• Exercise directions: Locate all lines in the data below that hold "member" and show them.

[Start of Attachment]

(* Let $k,n\in\mathbb N$. There do not exist uniformly bounded families $\mathcal V_1,\dots,\mathcal V_n$ of subsets of $(k\mathbb Z)^n$, each $2k$-disjoint, such that $\bigcup_{i=1}^n\mathcal V_i$ covers $(k\mathbb Z)^n$.
   Context: $k\mathbb Z=\{kl:l\in\mathbb Z\}$, and $(k\mathbb Z)^n\subset\mathbb Z^n$ carries the sup-metric $d((x_1,\dots,x_n),(y_1,\dots,y_n))=\max_i|x_i-y_i|$. A family $\mathcal A$ of subsets is uniformly bounded if there is $C>0$ with $\operatorname{diam}A\le C$ for all $A\in\mathcal A$; it is $r$-disjoint if $d(A_1,A_2)\ge r$ for all distinct $A_1,A_2\in\mathcal A$. *)

theory Defs
  imports Complex_Main
begin

text \<open>Points of \<open>\<int>^n\<close> are represented as functions \<open>nat \<Rightarrow> int\<close> that vanish
  outside the coordinates \<open>0..<n\<close>.\<close>

definition kZn :: "int \<Rightarrow> nat \<Rightarrow> (nat \<Rightarrow> int) set" where
  "kZn k n = {x. (\<forall>i<n. k dvd x i) \<and> (\<forall>i\<ge>n. x i = 0)}"

definition supdist :: "nat \<Rightarrow> (nat \<Rightarrow> int) \<Rightarrow> (nat \<Rightarrow> int) \<Rightarrow> int" where
  "supdist n x y = Max (insert 0 ((\<lambda>i. \<bar>x i - y i\<bar>) ` {..<n}))"

definition unif_bounded :: "nat \<Rightarrow> (nat \<Rightarrow> int) set set \<Rightarrow> bool" where
  "unif_bounded n \<V> \<longleftrightarrow> (\<exists>C::real. C > 0 \<and>
      (\<forall>A\<in>\<V>. \<forall>x\<in>A. \<forall>y\<in>A. real_of_int (supdist n x y) \<le> C))"

definition r_disjoint :: "nat \<Rightarrow> int \<Rightarrow> (nat \<Rightarrow> int) set set \<Rightarrow> bool" where
  "r_disjoint n r \<V> \<longleftrightarrow> (\<forall>A1\<in>\<V>. \<forall>A2\<in>\<V>. A1 \<noteq> A2 \<longrightarrow>
      (\<forall>x\<in>A1. \<forall>y\<in>A2. supdist n x y \<ge> r))"

end

theory Submission
  imports Defs "HOL-Analysis.Analysis"
begin

text \<open>Scale the grid \<open>{0..p}^n\<close> by \<open>k\<close> into \<open>(k\<int>)^n\<close>. Colour each grid point \<open>x\<close> by a
  family \<open>c\<close> having a member that contains \<open>k x\<close>, and record whether that member meets the slab
  \<open>y\<^sub>c \<le> k\<close>. Adjacent grid points are at distance \<open>k < 2k\<close>, so when they share a colour they
  lie in the same member and get the same record; points near the face \<open>x\<^sub>c = 0\<close> are recorded
  \<open>True\<close>, and, once \<open>k(p - 2)\<close> exceeds the uniform bound, points near \<open>x\<^sub>c = p\<close> are
  recorded \<open>False\<close>. Kuhn's combinatorial form of Sperner's lemma rules such a colouring out:
  it is a discrete Lebesgue covering theorem.\<close>

lemma kuhn_fully_labelled_simplex:
  fixes p n :: nat and lab :: "(nat \<Rightarrow> nat) \<Rightarrow> nat \<Rightarrow> nat"
  assumes "0 < p"
    and "\<And>x j. \<forall>j. x j \<le> p \<Longrightarrow> j < n \<Longrightarrow> x j = 0 \<Longrightarrow> lab x j = 0"
    and "\<And>x j. \<forall>j. x j \<le> p \<Longrightarrow> j < n \<Longrightarrow> x j = p \<Longrightarrow> lab x j = 1"
  obtains b u s where "kuhn_simplex p n b u s" and "(reduced n \<circ> lab) ` s = {..n}"
proof -
  have "odd (card {s. ksimplex p n s \<and> (reduced n \<circ> lab) ` s = {..n}})"
    using assms by (intro kuhn_combinatorial) auto
  then have "{s. ksimplex p n s \<and> (reduced n \<circ> lab) ` s = {..n}} \<noteq> {}"
    by (rule odd_card_imp_not_empty)
  then show thesis
    using that by (auto elim: ksimplex.cases)
qed

lemma kuhn_simplex_vertices_adjacent:
  assumes "kuhn_simplex p n b u s" and "x \<in> s" and "y \<in> s"
  shows "x j \<le> Suc (y j)"
  using kuhn_simplex.le_Suc_base[OF assms(1,2)] kuhn_simplex.base_le[OF assms(1,3)]
  by (meson Suc_le_mono order_trans)

lemma discrete_lebesgue_covering:
  fixes p n :: nat and col :: "(nat \<Rightarrow> nat) \<Rightarrow> nat" and side :: "(nat \<Rightarrow> nat) \<Rightarrow> bool"
  assumes "0 < p"
    and col: "\<And>x. \<forall>j. x j \<le> p \<Longrightarrow> col x < n"
    and low: "\<And>x. \<forall>j. x j \<le> p \<Longrightarrow> x (col x) \<le> 1 \<Longrightarrow> side x"
    and high: "\<And>x. \<forall>j. x j \<le> p \<Longrightarrow> p \<le> Suc (x (col x)) \<Longrightarrow> \<not> side x"
    and adjacent: "\<And>x y. \<forall>j. x j \<le> p \<Longrightarrow> \<forall>j. y j \<le> p \<Longrightarrow>
      \<forall>j. x j \<le> Suc (y j) \<and> y j \<le> Suc (x j) \<Longrightarrow> col x = col y \<Longrightarrow> side x = side y"
  shows False
proof -
  define lab where "lab x j = (if x j = p \<or> (col x = j \<and> \<not> side x) then 1 else 0 :: nat)" for x j
  obtain b u s where s: "kuhn_simplex p n b u s" and full: "(reduced n \<circ> lab) ` s = {..n}"
  proof (rule kuhn_fully_labelled_simplex[of p n lab])
    show "lab x j = 0" if "\<forall>j. x j \<le> p" "j < n" "x j = 0" for x j
      using low[OF that(1)] that \<open>0 < p\<close> by (auto simp: lab_def)
  qed (use \<open>0 < p\<close> in \<open>auto simp: lab_def\<close>)
  have grid: "\<forall>j. x j \<le> p" if "x \<in> s" for x
    using kuhn_simplex.s_le_p[OF s that] by blast
  have adj: "\<forall>j. x j \<le> Suc (y j) \<and> y j \<le> Suc (x j)" if "x \<in> s" "y \<in> s" for x y
    using kuhn_simplex_vertices_adjacent[OF s] that by blast
  txt \<open>The vertex with reduced label \<open>n\<close> has all labels \<open>0\<close>; the one with reduced label
    its colour \<open>c\<close> has label \<open>1\<close> at \<open>c\<close>, and being adjacent it cannot lie on \<open>x\<^sub>c = p\<close>.\<close>
  obtain v where v: "v \<in> s" "reduced n (lab v) = n"
    using full by (metis atMost_iff comp_apply imageE order_refl)
  define c where "c = col v"
  have "c < n" using col grid v unfolding c_def by blast
  have "\<forall>i<n. lab v i = 0"
    using reduced_labelling(2)[of n "lab v"] v by simp
  then have "side v" and "v c \<noteq> p"
    using \<open>c < n\<close> unfolding lab_def c_def by (auto split: if_splits)
  then have "Suc (v c) < p"
    using high[OF grid[OF v(1)]] unfolding c_def by force
  obtain w where w: "w \<in> s" "reduced n (lab w) = c"
    using full \<open>c < n\<close> by (metis atMost_iff comp_apply imageE less_imp_le)
  have "lab w c \<noteq> 0"
    using reduced_labelling(3)[of n "lab w"] w \<open>c < n\<close> by simp
  moreover have "w c \<noteq> p"
    using adj[OF w(1) v(1)] \<open>Suc (v c) < p\<close> by (metis Suc_le_mono not_less)
  ultimately have "col w = c" and "\<not> side w"
    unfolding lab_def by (auto split: if_splits)
  with adjacent[OF grid[OF w(1)] grid[OF v(1)] adj[OF w(1) v(1)]] \<open>side v\<close> show False
    unfolding c_def by simp
qed

lemma supdist_le:
  assumes "0 \<le> B" and "\<And>i. i < n \<Longrightarrow> \<bar>x i - y i\<bar> \<le> B"
  shows "supdist n x y \<le> B"
  using assms unfolding supdist_def by (auto simp: Max_le_iff)

lemma abs_le_supdist:
  assumes "i < n"
  shows "\<bar>x i - y i\<bar> \<le> supdist n x y"
  using assms unfolding supdist_def by (intro Max_ge) auto

lemma unif_bounded_empty: "unif_bounded n {}"
  unfolding unif_bounded_def by (auto intro: exI[of _ 1])

lemma unif_bounded_Un:
  assumes "unif_bounded n \<U>" and "unif_bounded n \<V>"
  shows "unif_bounded n (\<U> \<union> \<V>)"
proof -
  obtain C D :: real where "C > 0" "D > 0"
    and "\<forall>A\<in>\<U>. \<forall>x\<in>A. \<forall>y\<in>A. real_of_int (supdist n x y) \<le> C"
    and "\<forall>A\<in>\<V>. \<forall>x\<in>A. \<forall>y\<in>A. real_of_int (supdist n x y) \<le> D"
    using assms unfolding unif_bounded_def by blast
  then show ?thesis
    unfolding unif_bounded_def
    by (intro exI[of _ "max C D"]) (auto intro: le_max_iff_disj[THEN iffD2])
qed

lemma unif_bounded_UN:
  assumes "finite I" and "\<And>i. i \<in> I \<Longrightarrow> unif_bounded n (\<V> i)"
  shows "unif_bounded n (\<Union>i\<in>I. \<V> i)"
  using assms
  by (induction I rule: finite_induct) (auto intro: unif_bounded_empty unif_bounded_Un)

lemma r_disjoint_eq_if_supdist_less:
  assumes "r_disjoint n r \<V>" and "A \<in> \<V>" "B \<in> \<V>" and "x \<in> A" "y \<in> B"
    and "supdist n x y < r"
  shows "A = B"
  using assms unfolding r_disjoint_def by force

definition scaled_grid :: "int \<Rightarrow> nat \<Rightarrow> (nat \<Rightarrow> nat) \<Rightarrow> nat \<Rightarrow> int" where
  "scaled_grid k n x = (\<lambda>i. if i < n then k * int (x i) else 0)"

lemma scaled_grid_in_kZn: "scaled_grid k n x \<in> kZn k n"
  unfolding scaled_grid_def kZn_def by auto

lemma supdist_scaled_grid_le:
  assumes "0 \<le> k" and "\<forall>j. x j \<le> Suc (y j) \<and> y j \<le> Suc (x j)"
  shows "supdist n (scaled_grid k n x) (scaled_grid k n y) \<le> k"
proof (rule supdist_le)
  fix j assume "j < n"
  have "\<bar>int (x j) - int (y j)\<bar> \<le> 1"
    using assms(2) by (metis abs_le_iff diff_le_eq minus_diff_eq of_nat_Suc add.commute of_nat_le_iff)
  then have "k * \<bar>int (x j) - int (y j)\<bar> \<le> k * 1"
    using assms(1) by (intro mult_left_mono) auto
  then show "\<bar>scaled_grid k n x j - scaled_grid k n y j\<bar> \<le> k"
    using \<open>j < n\<close> \<open>0 \<le> k\<close> by (simp add: scaled_grid_def abs_mult right_diff_distrib[symmetric])
qed fact

lemma kZn_not_covered_by_disjoint_families:
  fixes k n :: nat and \<V> :: "nat \<Rightarrow> (nat \<Rightarrow> int) set set"
  assumes "k \<ge> 1"
    and bounded: "unif_bounded n (\<Union>i<n. \<V> i)"
    and disjoint: "\<And>i. i < n \<Longrightarrow> r_disjoint n (2 * int k) (\<V> i)"
    and cover: "kZn (int k) n \<subseteq> (\<Union>i<n. \<Union>(\<V> i))"
  shows False
proof -
  obtain C :: real where "C > 0"
    and diam: "\<And>A x y. A \<in> (\<Union>i<n. \<V> i) \<Longrightarrow> x \<in> A \<Longrightarrow> y \<in> A \<Longrightarrow> supdist n x y \<le> C"
    using bounded unfolding unif_bounded_def by blast
  define p where "p = nat \<lceil>C\<rceil> + 3"
  define pt where "pt = scaled_grid (int k) n"
  have "\<forall>x. \<exists>i A. i < n \<and> A \<in> \<V> i \<and> pt x \<in> A"
    using cover scaled_grid_in_kZn unfolding pt_def by blast
  then obtain col A where col: "\<And>x. col x < n" and A: "\<And>x. A x \<in> \<V> (col x)" "\<And>x. pt x \<in> A x"
    by metis
  define side where "side x \<longleftrightarrow> (\<exists>y\<in>A x. y (col x) \<le> int k)" for x
  show False
  proof (rule discrete_lebesgue_covering[of p col n side])
    show "0 < p" "col x < n" for x
      using col unfolding p_def by auto
    show "side x" if "x (col x) \<le> 1" for x
    proof -
      have "int k * int (x (col x)) \<le> int k * 1"
        using that by (intro mult_left_mono) auto
      then show ?thesis
        using A(2)[of x] col[of x] unfolding side_def
        by (intro bexI[of _ "pt x"]) (auto simp: pt_def scaled_grid_def)
    qed
    show "\<not> side x" if "p \<le> Suc (x (col x))" for x
    proof
      assume "side x"
      then obtain y where "y \<in> A x" and "y (col x) \<le> int k"
        unfolding side_def by blast
      have "supdist n y (pt x) \<le> C"
        using diam A \<open>y \<in> A x\<close> col by blast
      moreover have "int k * (int p - 2) \<le> pt x (col x) - y (col x)"
      proof -
        have "int k * (int p - 2) \<le> int k * (int (x (col x)) - 1)"
          using that by (intro mult_left_mono) auto
        then show ?thesis
          using \<open>y (col x) \<le> int k\<close> col by (simp add: pt_def scaled_grid_def algebra_simps)
      qed
      moreover have "int p - 2 \<le> int k * (int p - 2)"
        using mult_right_mono[of 1 "int k" "int p - 2"] \<open>k \<ge> 1\<close> unfolding p_def by simp
      moreover have "pt x (col x) - y (col x) \<le> supdist n y (pt x)"
        using abs_le_supdist[OF col[of x], where x = y and y = "pt x"] by linarith
      ultimately have "int p - 2 \<le> C"
        by linarith
      then show False
        unfolding p_def using \<open>C > 0\<close> by linarith
    qed
    show "side x = side y" if "\<forall>j. x j \<le> Suc (y j) \<and> y j \<le> Suc (x j)" "col x = col y" for x y
    proof -
      have "supdist n (pt x) (pt y) < 2 * int k"
        using supdist_scaled_grid_le[OF _ that(1), of "int k" n] \<open>k \<ge> 1\<close> unfolding pt_def
        by linarith
      then have "A x = A y"
        using r_disjoint_eq_if_supdist_less[OF disjoint[OF col] A(1) _ A(2) A(2)] that(2)
        by (metis A(1))
      then show ?thesis
        unfolding side_def using that(2) by simp
    qed
  qed
qed

theorem lemma3:
  fixes k n :: nat
  assumes "k \<ge> 1" and "n \<ge> 1"
  shows "\<not> (\<exists>\<V> :: nat \<Rightarrow> (nat \<Rightarrow> int) set set.
            (\<forall>i\<in>{1..n}. (\<forall>A\<in>\<V> i. A \<subseteq> kZn (int k) n)
                         \<and> unif_bounded n (\<V> i)
                         \<and> r_disjoint n (2 * int k) (\<V> i))
          \<and> kZn (int k) n \<subseteq> (\<Union>i\<in>{1..n}. \<Union>(\<V> i)))"
proof
  assume "\<exists>\<V> :: nat \<Rightarrow> (nat \<Rightarrow> int) set set.
            (\<forall>i\<in>{1..n}. (\<forall>A\<in>\<V> i. A \<subseteq> kZn (int k) n)
                         \<and> unif_bounded n (\<V> i)
                         \<and> r_disjoint n (2 * int k) (\<V> i))
          \<and> kZn (int k) n \<subseteq> (\<Union>i\<in>{1..n}. \<Union>(\<V> i))"
  then obtain \<V> :: "nat \<Rightarrow> (nat \<Rightarrow> int) set set"
    where families: "\<forall>i\<in>{1..n}. unif_bounded n (\<V> i) \<and> r_disjoint n (2 * int k) (\<V> i)"
      and cover: "kZn (int k) n \<subseteq> (\<Union>i\<in>{1..n}. \<Union>(\<V> i))"
    by meson
  have Suc_range: "{1..n} = Suc ` {..<n}"
    by (simp add: lessThan_atLeast0 atLeastLessThanSuc_atLeastAtMost)
  show False
  proof (rule kZn_not_covered_by_disjoint_families[OF \<open>k \<ge> 1\<close>, of n "\<lambda>i. \<V> (Suc i)"])
    show "unif_bounded n (\<Union>i<n. \<V> (Suc i))"
      using families by (intro unif_bounded_UN) auto
    show "r_disjoint n (2 * int k) (\<V> (Suc i))" if "i < n" for i
      using families that by auto
    show "kZn (int k) n \<subseteq> (\<Union>i<n. \<Union>(\<V> (Suc i)))"
      using cover unfolding Suc_range by auto
  qed
qed

end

[End of Attachment]

• Written solution:
  family \<open>c\<close> having a member that contains \<open>k x\<close>, and record whether that member meets the slab
  lie in the same member and get the same record; points near the face \<open>x\<^sub>c = 0\<close> are recorded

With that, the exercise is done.